Making stats - VN Stats

This page is out of date. See the Stats page and read the readme in the tools linked there.

These are the tools used to generate the stats. See Engines for information on script ripping for particular engines.

These tools require Python 3, 64-bit Java, and a bash prompt.

Place scripts under workplace/. All VN scripts must be in utf-8. See Ripping for information on script formatting. Unix line endings (\n, not \r\n) are preferred.

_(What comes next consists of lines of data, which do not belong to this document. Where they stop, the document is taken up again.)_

(* Let $D_1,\dots,D_n\in\mathbb{R}^{d\times m}$ be datum shapes with $\tilde{D}_i=\begin{bmatrix}D_i\\ \mathbf{1}^{\top}\end{bmatrix}$ such that each $\tilde{D}_i\tilde{D}_i^{\top}$ is invertible, and let $\mathcal{Q}_{I}=\sum_{i=1}^n\tilde{D}_i^{\top}(\tilde{D}_i\tilde{D}_i^{\top})^{-1}\tilde{D}_i$. Fix a diagonal matrix $\Lambda\in\mathbb{R}^{d\times d}$ and consider problem (I): $$\min_{\tilde{A}_1,\dots,\tilde{A}_n\in\mathbb{R}^{d\times(d+1)},\,S\in\mathbb{R}^{d\times m}}\ \sum_{i=1}^n\|\tilde{A}_i\tilde{D}_i-S\|_F^2\quad\text{s.t.}\quad SS^{\top}=\Lambda,\ S\mathbf{1}=0.$$ If each $D_i$ is replaced by $D_i'=R_iD_i+t_i\mathbf{1}^{\top}$ for arbitrary (possibly distinct) rotations $R_i\in\mathbb{R}^{d\times d}$ and translations $t_i\in\mathbb{R}^d$, then the matrix $\mathcal{Q}_I$ is unchanged, and so is the optimal reference shape $S$ of problem (I) (the set of $S$-components of optimal solutions is the same for the original and the transformed datum shapes).
   Context: $\mathbf{1}\in\mathbb{R}^m$ denotes the all-ones vector and $\|\cdot\|_F$ the Frobenius norm. *)

theory Defs
  imports "HOL-Analysis.Analysis"
begin

text \<open>Matrices in R^{d x m} are \<open>real^'m^'d\<close>. The augmented index set of size d+1 is
  \<open>'d option\<close>, where \<open>None\<close> is the extra (last) row of ones.\<close>

definition ones :: "real^'m" where
  "ones = (\<chi> j. 1)"

definition aug :: "real^'m^'d \<Rightarrow> real^'m^('d option)" where
  "aug D = (\<chi> k j. case k of None \<Rightarrow> 1 | Some r \<Rightarrow> D $ r $ j)"

definition frob_norm :: "real^'c^'r \<Rightarrow> real" where
  "frob_norm A = sqrt (\<Sum>i\<in>UNIV. \<Sum>j\<in>UNIV. (A $ i $ j)^2)"

definition diagonal_matrix :: "real^'d^'d \<Rightarrow> bool" where
  "diagonal_matrix L \<longleftrightarrow> (\<forall>i j. i \<noteq> j \<longrightarrow> L $ i $ j = 0)"

definition QI :: "nat \<Rightarrow> (nat \<Rightarrow> real^'m^'d) \<Rightarrow> real^'m^'m" where
  "QI n D = (\<Sum>i<n. transpose (aug (D i)) **
                    matrix_inv (aug (D i) ** transpose (aug (D i))) ** aug (D i))"

definition objI :: "nat \<Rightarrow> (nat \<Rightarrow> real^'m^'d) \<Rightarrow> (nat \<Rightarrow> real^('d option)^'d) \<Rightarrow> real^'m^'d \<Rightarrow> real" where
  "objI n D A S = (\<Sum>i<n. (frob_norm (A i ** aug (D i) - S))^2)"

definition feasibleI :: "real^'d^'d \<Rightarrow> real^'m^'d \<Rightarrow> bool" where
  "feasibleI L S \<longleftrightarrow> S ** transpose S = L \<and> S *v ones = 0"

definition optimalI :: "nat \<Rightarrow> (nat \<Rightarrow> real^'m^'d) \<Rightarrow> real^'d^'d
      \<Rightarrow> (nat \<Rightarrow> real^('d option)^'d) \<Rightarrow> real^'m^'d \<Rightarrow> bool" where
  "optimalI n D L A S \<longleftrightarrow> feasibleI L S \<and>
     (\<forall>A' S'. feasibleI L S' \<longrightarrow> objI n D A S \<le> objI n D A' S')"

definition optimal_refs :: "nat \<Rightarrow> (nat \<Rightarrow> real^'m^'d) \<Rightarrow> real^'d^'d \<Rightarrow> (real^'m^'d) set" where
  "optimal_refs n D L = {S. \<exists>A. optimalI n D L A S}"

end

theory Submission
  imports Defs
begin

text \<open>Both \<open>Q\<^sub>I\<close> and problem (I) see a datum shape \<open>D\<^sub>i\<close> only through its augmentation, and
  a rigid motion acts on the augmentation as left multiplication by the invertible
  homogeneous-coordinates matrix \<open>[[R\<^sub>i, t\<^sub>i], [0, 1]]\<close>.  The row-space projector
  \<open>X\<^sup>T (X X\<^sup>T)\<^sup>-\<^sup>1 X\<close> is unchanged when \<open>X\<close> is multiplied on the left by an invertible matrix,
  which gives invariance of \<open>Q\<^sub>I\<close>; and in problem (I) the substitution \<open>A\<^sub>i \<mapsto> A\<^sub>i T\<^sub>i\<close> is a
  bijection of the unconstrained affine variables that preserves the objective, so the
  optimal reference shapes coincide.  Neither argument uses that \<open>\<Lambda>\<close> is diagonal.\<close>

lemma matrix_inv_right:
  assumes "invertible A"
  shows "A ** matrix_inv A = mat 1"
  using someI_ex[OF assms[unfolded invertible_def]] by (simp add: matrix_inv_def)

lemma matrix_inv_left:
  assumes "invertible A"
  shows "matrix_inv A ** A = mat 1"
  using someI_ex[OF assms[unfolded invertible_def]] by (simp add: matrix_inv_def)

lemma matrix_inv_unique:
  fixes A :: "'a::semiring_1^'n^'m"
  assumes "A ** B = mat 1" "B ** A = mat 1"
  shows "matrix_inv A = B"
proof -
  have "invertible A"
    using assms by (auto simp: invertible_def)
  have "matrix_inv A = (B ** A) ** matrix_inv A"
    by (simp add: assms)
  also have "\<dots> = B"
    by (simp add: matrix_mul_assoc[symmetric] matrix_inv_right[OF \<open>invertible A\<close>])
  finally show ?thesis .
qed

lemma matrix_inv_mult:
  fixes A :: "'a::semiring_1^'n^'m" and B :: "'a^'k^'n"
  assumes "invertible A" "invertible B"
  shows "matrix_inv (A ** B) = matrix_inv B ** matrix_inv A"
proof (rule matrix_inv_unique)
  show "A ** B ** (matrix_inv B ** matrix_inv A) = mat 1"
    by (simp add: matrix_mul_assoc matrix_inv_right assms)
      (simp add: matrix_mul_assoc[symmetric] matrix_inv_right assms)
  show "matrix_inv B ** matrix_inv A ** (A ** B) = mat 1"
    by (simp add: matrix_mul_assoc matrix_inv_left assms)
      (simp add: matrix_mul_assoc[symmetric] matrix_inv_left assms)
qed

lemma invertible_transpose:
  fixes A :: "'a::comm_semiring_1^'n^'m"
  assumes "invertible A"
  shows "invertible (transpose A)"
  using assms unfolding invertible_def by (metis matrix_transpose_mul transpose_mat)

lemma matrix_inv_transpose:
  fixes A :: "'a::comm_semiring_1^'n^'m"
  assumes "invertible A"
  shows "matrix_inv (transpose A) = transpose (matrix_inv A)"
  by (rule matrix_inv_unique)
    (simp_all add: matrix_transpose_mul[symmetric] matrix_inv_left matrix_inv_right assms)

definition row_space_projector :: "'a::semiring_1^'m^'k \<Rightarrow> 'a^'m^'m" where
  "row_space_projector X = transpose X ** matrix_inv (X ** transpose X) ** X"

lemma row_space_projector_left_mult:
  fixes T :: "'a::comm_semiring_1^'k^'k" and X :: "'a^'m^'k"
  assumes T: "invertible T" and X: "invertible (X ** transpose X)"
  shows "row_space_projector (T ** X) = row_space_projector X"
proof -
  have inv_TX: "matrix_inv ((T ** X) ** transpose (T ** X))
      = transpose (matrix_inv T) ** matrix_inv (X ** transpose X) ** matrix_inv T"
  proof -
    have "matrix_inv ((T ** X) ** transpose (T ** X))
        = matrix_inv ((T ** (X ** transpose X)) ** transpose T)"
      by (simp add: matrix_transpose_mul matrix_mul_assoc)
    also have "\<dots> = matrix_inv (transpose T) ** (matrix_inv (X ** transpose X) ** matrix_inv T)"
      by (simp add: matrix_inv_mult invertible_mult invertible_transpose T X)
    finally show ?thesis
      by (simp add: matrix_inv_transpose matrix_mul_assoc T)
  qed
  have "transpose T ** transpose (matrix_inv T) = mat 1"
    by (metis matrix_transpose_mul matrix_inv_left T transpose_mat)
  have "row_space_projector (T ** X)
      = transpose X ** (transpose T ** transpose (matrix_inv T)) ** matrix_inv (X ** transpose X)
          ** (matrix_inv T ** T) ** X"
    unfolding row_space_projector_def inv_TX by (simp add: matrix_transpose_mul matrix_mul_assoc)
  also have "\<dots> = row_space_projector X"
    by (simp add: row_space_projector_def matrix_inv_left T
        \<open>transpose T ** transpose (matrix_inv T) = mat 1\<close>)
  finally show ?thesis .
qed

lemma sum_UNIV_option:
  fixes f :: "'a::finite option \<Rightarrow> 'b::comm_monoid_add"
  shows "(\<Sum>x\<in>UNIV. f x) = f None + (\<Sum>r\<in>UNIV. f (Some r))"
  by (simp add: UNIV_option_conv sum.reindex)

definition affine_matrix :: "'a::semiring_1^'n^'n \<Rightarrow> 'a^'n \<Rightarrow> 'a^('n option)^('n option)" where
  "affine_matrix A a = (\<chi> k l. case k of
      None \<Rightarrow> (case l of None \<Rightarrow> 1 | Some _ \<Rightarrow> 0)
    | Some r \<Rightarrow> (case l of None \<Rightarrow> a $ r | Some c \<Rightarrow> A $ r $ c))"

lemma affine_matrix_mult:
  "affine_matrix A a ** affine_matrix B b = affine_matrix (A ** B) (A *v b + a)"
  unfolding vec_eq_iff
  by (auto split: option.split
      simp: affine_matrix_def matrix_matrix_mult_def matrix_vector_mult_def sum_UNIV_option
        add.commute)

lemma affine_matrix_id: "affine_matrix (mat 1) 0 = mat 1"
  unfolding vec_eq_iff by (auto split: option.split simp: affine_matrix_def mat_def)

lemma invertible_affine_matrix:
  fixes A :: "'a::field^'n^'n"
  assumes "invertible A"
  shows "invertible (affine_matrix A a)"
proof -
  have "A *v (matrix_inv A *v - a) + a = 0"
    by (simp add: matrix_vector_mul_assoc matrix_inv_right assms)
  then have "affine_matrix A a ** affine_matrix (matrix_inv A) (matrix_inv A *v - a) = mat 1"
    by (simp add: affine_matrix_mult matrix_inv_right assms affine_matrix_id)
  then show ?thesis
    using invertible_right_inverse by blast
qed

lemma aug_rigid_motion:
  "aug (R ** D + (\<chi> r j. t $ r * ones $ j)) = affine_matrix R t ** aug D"
  unfolding vec_eq_iff
  by (auto split: option.split
      simp: affine_matrix_def aug_def ones_def matrix_matrix_mult_def sum_UNIV_option)

lemma QI_eq_if_aug_left_mult:
  fixes D D' :: "nat \<Rightarrow> real^'m^'d"
  assumes "\<forall>i<n. invertible (aug (D i) ** transpose (aug (D i)))"
    and "\<forall>i<n. invertible (T i)"
    and "\<forall>i<n. aug (D' i) = T i ** aug (D i)"
  shows "QI n D' = QI n D"
  unfolding QI_def row_space_projector_def[symmetric]
proof (rule sum.cong)
  fix i assume "i \<in> {..<n}"
  then show "row_space_projector (aug (D' i)) = row_space_projector (aug (D i))"
    using assms by (simp add: row_space_projector_left_mult)
qed simp

lemma objI_aug_left_mult:
  assumes "\<forall>i<n. aug (D' i) = T i ** aug (D i)"
  shows "objI n D' A S = objI n D (\<lambda>i. A i ** T i) S"
  using assms unfolding objI_def by (intro sum.cong) (simp_all add: matrix_mul_assoc)

lemma optimal_refs_mono_if_objI_transfer:
  fixes D D' :: "nat \<Rightarrow> real^'m^'d"
  assumes "\<And>A S. objI n D' A S = objI n D (f A) S"
    and "\<And>A S. objI n D A S = objI n D' (g A) S"
  shows "optimal_refs n D' L \<subseteq> optimal_refs n D L"
proof
  fix S assume "S \<in> optimal_refs n D' L"
  then obtain A where A: "optimalI n D' L A S"
    by (auto simp: optimal_refs_def)
  have "optimalI n D L (f A) S"
    unfolding optimalI_def
  proof (intro conjI allI impI)
    show "feasibleI L S"
      using A by (simp add: optimalI_def)
    fix A' and S' :: "real^'m^'d" assume "feasibleI L S'"
    then have "objI n D' A S \<le> objI n D' (g A') S'"
      using A by (simp add: optimalI_def)
    then show "objI n D (f A) S \<le> objI n D A' S'"
      using assms(1)[of A S] assms(2)[of A' S'] by linarith
  qed
  then show "S \<in> optimal_refs n D L"
    by (auto simp: optimal_refs_def)
qed

lemma optimal_refs_eq_if_aug_left_mult:
  assumes "\<forall>i<n. invertible (T i)"
    and "\<forall>i<n. aug (D' i) = T i ** aug (D i)"
  shows "optimal_refs n D' L = optimal_refs n D L"
proof -
  have "\<forall>i<n. aug (D i) = matrix_inv (T i) ** aug (D' i)"
    using assms by (auto simp: matrix_mul_assoc matrix_inv_left)
  note transfer = objI_aug_left_mult[OF assms(2)] objI_aug_left_mult[OF this]
  show ?thesis
    using optimal_refs_mono_if_objI_transfer[OF transfer]
      optimal_refs_mono_if_objI_transfer[OF transfer(2,1)] by blast
qed

theorem proposition2:
  fixes n :: nat
    and D :: "nat \<Rightarrow> real^'m^'d"
    and L :: "real^'d^'d"
    and R :: "nat \<Rightarrow> real^'d^'d"
    and t :: "nat \<Rightarrow> real^'d"
  assumes inv: "\<forall>i<n. invertible (aug (D i) ** transpose (aug (D i)))"
    and diag: "diagonal_matrix L"
    and rot: "\<forall>i<n. rotation_matrix (R i)"
  defines "D' \<equiv> (\<lambda>i. R i ** D i + (\<chi> r j. t i $ r * ones $ j))"
  shows "QI n D' = QI n D \<and> optimal_refs n D' L = optimal_refs n D L"
proof -
  define T where "T i = affine_matrix (R i) (t i)" for i
  have "\<forall>i<n. invertible (T i)"
  proof (intro allI impI)
    fix i assume "i < n"
    then have "invertible (R i)"
      using rot by (auto simp: rotation_matrix_def orthogonal_matrix_def invertible_def)
    then show "invertible (T i)"
      by (simp add: T_def invertible_affine_matrix)
  qed
  moreover have "\<forall>i<n. aug (D' i) = T i ** aug (D i)"
    by (simp add: D'_def T_def aug_rigid_motion)
  ultimately show ?thesis
    using QI_eq_if_aug_left_mult[OF inv] optimal_refs_eq_if_aug_left_mult by simp
qed

end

analyzer.jar: the core of the stats generation. Creates a lemmatized frequency list from a given VN script. Uses kuromoji-unidic, which uses a viterbi graph and a pre-trained markov model about how what words connect to eachother and how common each lexeme is. VN script must be in utf-8. Invoked by a bash script. Github

normalizer.jar: Merges frequency lists in the format that analyzer.jar outputs. Invoked manually on most of the frequency lists generated under the count/ directory. Used in order to create the frequency list for the 5k columns. Github

dowork.sh: Generates the main frequency lists for each script in workspace/, placing the lists under count/. These lists exclude grammatical lexemes.

altwork.sh: Above, but with altcount/, and not excluding grammatical lexemes.

refresh.sh: Calculates the hayashi score, coverages, and other stats from every frequency list and script.

newscript.sh: Generates/regenerates the frequency list in count/ and the frequency list in altcount/ for a single script in workspace/.

fullredo.sh: Runs dowork.sh, altwork.sh, and refresh.sh. Might be preferable the first time, but for adding single scripts, you're going to want to use newscript.sh and refresh.sh manually.